When I asked for suggestions on what to write for a blog, most of my Instagram followers have asked me to write about how to take care of mental health during the ongoing Corona virus panic.
Okay, first things first, Do you want things to go back to normal? Or let me re-frame my question, how badly do you want things to go back to normal? Very badly, right?!
Now, Totally out of the box, WAS NORMAL EVEN WORKING? I know, we all miss going out, we all miss hanging out with friends and we all miss a lot of aspects of the normal life. BUT, haven’t we all dreamt of working from home? Haven’t we all wished for one more Sunday on a random Sunday evening? I am not going to make lemonade out of the lemons now. It is not a great situation. Being locked down is definitely not something any of us wanted. Is there a better thing to do, given the situation right now, though? No, right?! Isn’t it better that we stay home and be safe rather than getting affected by the Corona virus or being the carrier and infecting other people?
PRACTICE RADICAL ACCEPTANCE
Let me simplify it.
When a difficult or unwanted situations arise, there are a few ways how to deal with it.
- If it can be changed, change it.
- If it can not be changed, may be, we feel sad about it. (It is completely normal to feel so.)
- You are done feeling sad. Now, you have to accept the fact that it is what it is. (This doesn’t mean that you are okay with the situation.
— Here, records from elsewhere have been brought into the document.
lemma mul_derivative_right_translate:
  assumes G: "lie_group d G mul gi e" and a: "a \<in> G" and c: "c \<in> G"
    and m': "has_relative_derivative (G \<times> G) (\<lambda>(x, y). mul x y) (a, c) m'"
    and S: "S \<in> tangent_space G e"
  shows "m' (diff G (\<lambda>z. mul z a) e S, 0) = diff G (\<lambda>z. mul z (mul a c)) e S"
proof -
  note group = lie_groupD[OF G]
  obtain \<gamma> where \<gamma>: "curve_through G e S \<gamma>" using S unfolding tangent_space_def by blast
  have ac: "mul a c \<in> G" using group a c by blast
  have \<gamma>_in: "eventually (\<lambda>s. \<gamma> s \<in> G) (nhds 0)" and \<gamma>0: "\<gamma> 0 = e"
    using curve_through_eventually_in[OF \<gamma>] \<gamma> unfolding curve_through_def by auto
  have "eventually (\<lambda>s. mul (\<gamma> s) a \<in> G \<and> c \<in> G) (nhds 0)"
    using \<gamma>_in group a c by (auto elim: eventually_mono)
  then have "((\<lambda>s. mul (mul (\<gamma> s) a) c) has_vector_derivative m' (diff G (\<lambda>z. mul z a) e S, 0)) (at 0)"
    using has_relative_derivative_PairD[OF m' _ _ _ lie_group_right_translate_curve[OF G a \<gamma>]
        has_vector_derivative_const] \<gamma>0 group a
    by simp
  moreover have "eventually (\<lambda>s. mul (mul (\<gamma> s) a) c = mul (\<gamma> s) (mul a c)) (nhds 0)"
    using \<gamma>_in group a c by (auto elim: eventually_mono)
  then have "((\<lambda>s. mul (mul (\<gamma> s) a) c) has_vector_derivative diff G (\<lambda>z. mul z (mul a c)) e S) (at 0)"
    by (rule has_vector_derivative_eventually_eq[OF _ lie_group_right_translate_curve[OF G ac \<gamma>]])
  ultimately show ?thesis using vector_derivative_unique_at by blast
qed

lemma mul_inv_has_vector_derivative:
  assumes G: "lie_group d G mul gi e"
    and x_in: "eventually (\<lambda>s. x s \<in> G) (nhds t)" and xh_in: "eventually (\<lambda>s. xh s \<in> G) (nhds t)"
    and x': "(x has_vector_derivative diff G (mul (x t)) e w) (at t)"
    and xh': "(xh has_vector_derivative diff G (mul (xh t)) e w + diff G (\<lambda>z. mul z (xh t)) e S) (at t)"
    and w: "w \<in> tangent_space G e" and S: "S \<in> tangent_space G e"
  shows "((\<lambda>s. mul (xh s) (gi (x s))) has_vector_derivative
           diff G (\<lambda>z. mul z (mul (xh t) (gi (x t)))) e S) (at t)"
proof -
  note group = lie_groupD[OF G]
  define a b where "a = xh t" and "b = x t"
  have a: "a \<in> G" and b: "b \<in> G"
    using eventually_nhds_x_imp_x[OF x_in] eventually_nhds_x_imp_x[OF xh_in] a_def b_def by auto
  obtain m' where m': "has_relative_derivative (G \<times> G) (\<lambda>(x, y). mul x y) (a, gi b) m'"
    using lie_group_mul_has_relative_derivative[OF G a] group b by blast
  obtain i' where i': "has_relative_derivative G gi b i'"
    using smooth_map_has_relative_derivative group b by blast
  have "((\<lambda>s. gi (x s)) has_vector_derivative i' (diff G (mul b) e w)) (at t)"
    using has_relative_derivativeD[OF i' _ x_in x'] b_def by simp
  moreover have "eventually (\<lambda>s. xh s \<in> G \<and> gi (x s) \<in> G) (nhds t)"
    using x_in xh_in group by (auto elim: eventually_mono[OF eventually_conj])
  ultimately have \<eta>': "((\<lambda>s. mul (xh s) (gi (x s))) has_vector_derivative
      m' (diff G (mul a) e w + diff G (\<lambda>z. mul z a) e S, i' (diff G (mul b) e w))) (at t)"
    using has_relative_derivative_PairD[OF m' _ _ _ xh'[folded a_def]] a_def b_def by simp
  have "linear m'" using m' unfolding has_relative_derivative_def by blast
  then have "m' (diff G (mul a) e w + diff G (\<lambda>z. mul z a) e S, i' (diff G (mul b) e w))
      = m' (diff G (mul a) e w, i' (diff G (mul b) e w)) + m' (diff G (\<lambda>z. mul z a) e S, 0)"
    by (simp add: linear_add[symmetric])
  also have "\<dots> = diff G (\<lambda>z. mul z (mul a (gi b))) e S"
    using mul_inv_derivative_left_invariant_eq_0[OF G a b m' i' w]
      mul_derivative_right_translate[OF G a _ m' S] group b by simp
  finally show ?thesis using \<eta>' a_def b_def by simp
qed

theorem mainTheorem2:
  fixes G :: "'a::euclidean_space set" and mul :: "'a \<Rightarrow> 'a \<Rightarrow> 'a"
    and gi :: "'a \<Rightarrow> 'a" and e :: 'a
    and Y :: "'b::euclidean_space set" and \<rho> :: "'a \<Rightarrow> 'b \<Rightarrow> 'b"
    and h :: "'a \<Rightarrow> 'b"
    and W :: "'n::finite \<Rightarrow> 'a" and L :: "'n \<Rightarrow> 'b \<Rightarrow> real"
    and \<omega> :: "real \<Rightarrow> 'a" and x xh :: "real \<Rightarrow> 'a" and I :: "real set"
  defines "DL \<equiv> \<lambda>g v. diff G (mul g) e v"
    and "DR \<equiv> \<lambda>g v. diff G (\<lambda>z. mul z g) e v"
  assumes LG: "lie_group CARD('n) G mul gi e"
    and Ym: "is_manifold Y"
    and act: "smooth_right_action G mul e Y \<rho>"
    and h_smooth: "smooth_map G h" and h_into: "\<forall>a\<in>G. h a \<in> Y"
    and h_equiv: "\<forall>a\<in>G. \<forall>g\<in>G. h (mul a g) = \<rho> g (h a)"
    and W_basis: "inj W" "independent (range W)" "span (range W) = tangent_space G e"
    and L_smooth: "\<forall>i. smooth_map Y (L i)"
    and L_zero: "\<forall>i. L i (h e) = 0"
    and I_open: "open I"
    and \<omega>_in: "\<forall>t\<in>I. \<omega> t \<in> tangent_space G e"
    and x_in: "\<forall>t\<in>I. x t \<in> G"
    and x_ode: "\<forall>t\<in>I. (x has_vector_derivative DL (x t) (\<omega> t)) (at t)"
    and xh_in: "\<forall>t\<in>I. xh t \<in> G"
    and xh_ode: "\<forall>t\<in>I. (xh has_vector_derivative
          (DL (xh t) (\<omega> t) + DR (xh t) (\<Sum>i\<in>UNIV. L i (\<rho> (gi (xh t)) (h (x t))) *\<^sub>R W i))) (at t)"
  shows "\<forall>t\<in>I. ((\<lambda>s. mul (xh s) (gi (x s))) has_vector_derivative
          DR (mul (xh t) (gi (x t)))
             (\<Sum>i\<in>UNIV. L i (h (gi (mul (xh t) (gi (x t))))) *\<^sub>R W i)) (at t)"
proof
  fix t assume t: "t \<in> I"
  define S where "S = (\<Sum>i\<in>UNIV. L i (h (gi (mul (xh t) (gi (x t))))) *\<^sub>R W i)"
  have near_t: "eventually (\<lambda>s. s \<in> I) (nhds t)"
    using I_open t eventually_nhds_in_open by blast
  have "gi (xh t) \<in> G" using lie_groupD(3)[OF LG] xh_in t by blast
  then have "h (gi (mul (xh t) (gi (x t)))) = \<rho> (gi (xh t)) (h (x t))"
    using lie_group_inv_mul_inv[OF LG] h_equiv x_in xh_in t by simp
  then have "(xh has_vector_derivative DL (xh t) (\<omega> t) + DR (xh t) S) (at t)"
    using xh_ode t unfolding S_def by simp
  moreover have "S \<in> tangent_space G e"
    unfolding S_def W_basis(3)[symmetric] by (intro span_sum span_scale span_base) auto
  moreover have "eventually (\<lambda>s. x s \<in> G) (nhds t)" "eventually (\<lambda>s. xh s \<in> G) (nhds t)"
    using near_t x_in xh_in by (auto elim: eventually_mono)
  ultimately show "((\<lambda>s. mul (xh s) (gi (x s))) has_vector_derivative
      DR (mul (xh t) (gi (x t))) S) (at t)"
    using mul_inv_has_vector_derivative[OF LG _ _ _ _ \<omega>_in[rule_format, OF t]] x_ode t
    unfolding DL_def DR_def by blast
qed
It’s just that you made peace with the fact that things are the way they are. This makes you feel centered.)
- Now that you have accepted the situation, find ways to cope.
YOUR EMOTIONS ARE VALID. EMBRACE THEM.
Remind yourself that your emotions are valid. Do not be a victim of toxic positivity! Feeling disappointed, scared or anxious? It’s okay to feel them. Suppressing the emotions or even trying to suppress them only results in more damage. So, accept that you are feeling all these emotions. Remind yourself that the thoughts and emotions come and go. They are NOT permanent. Let them flow.
As a person with peak-level anxiety issues, I have realized that resisting negative emotions does no good.
What can you do to regulate them?
- Grounding – List out 5 things you can see, 4 things you can hear, 3 things you can smell, 2 things you can touch and 1 thing you can taste.
- Deep belly breathing – When you are anxious, your breaths tend to get shorter and your nervous system goes into survival mode – the fight or flight response gets activated. Everything gets perceived as a threat. So take a few breaths deep from the belly. It helps. Trust me. I have tried these techniques.
- Meditation – Meditation doesn’t mean you sit still and think nothing. The easiest way to meditate is observing your breath – breathing in and out. It’s that simple. Start with one minute of meditation. It’s okay.
- Journaling – Imagine you feel very sad or angry.. What do you do? Vent it out. You vent it out in a journal. Write your feelings down.
- Reach out to friends and family – Call your loved ones and talk to them about how you feel. WE ALL ARE IN THIS TOGETHER.
LIMIT THE CONSUMPTION OF NEWS
You would like to stay up-to-date about the information regarding the Corona virus and the global impact it has. But, do not continuously sit and scroll or watch the news. Schedule it for alternate days. If you don’t feel good talking about the death toll, it is okay to set boundaries with your friends. Tell them that you don’t wish to talk about it right now.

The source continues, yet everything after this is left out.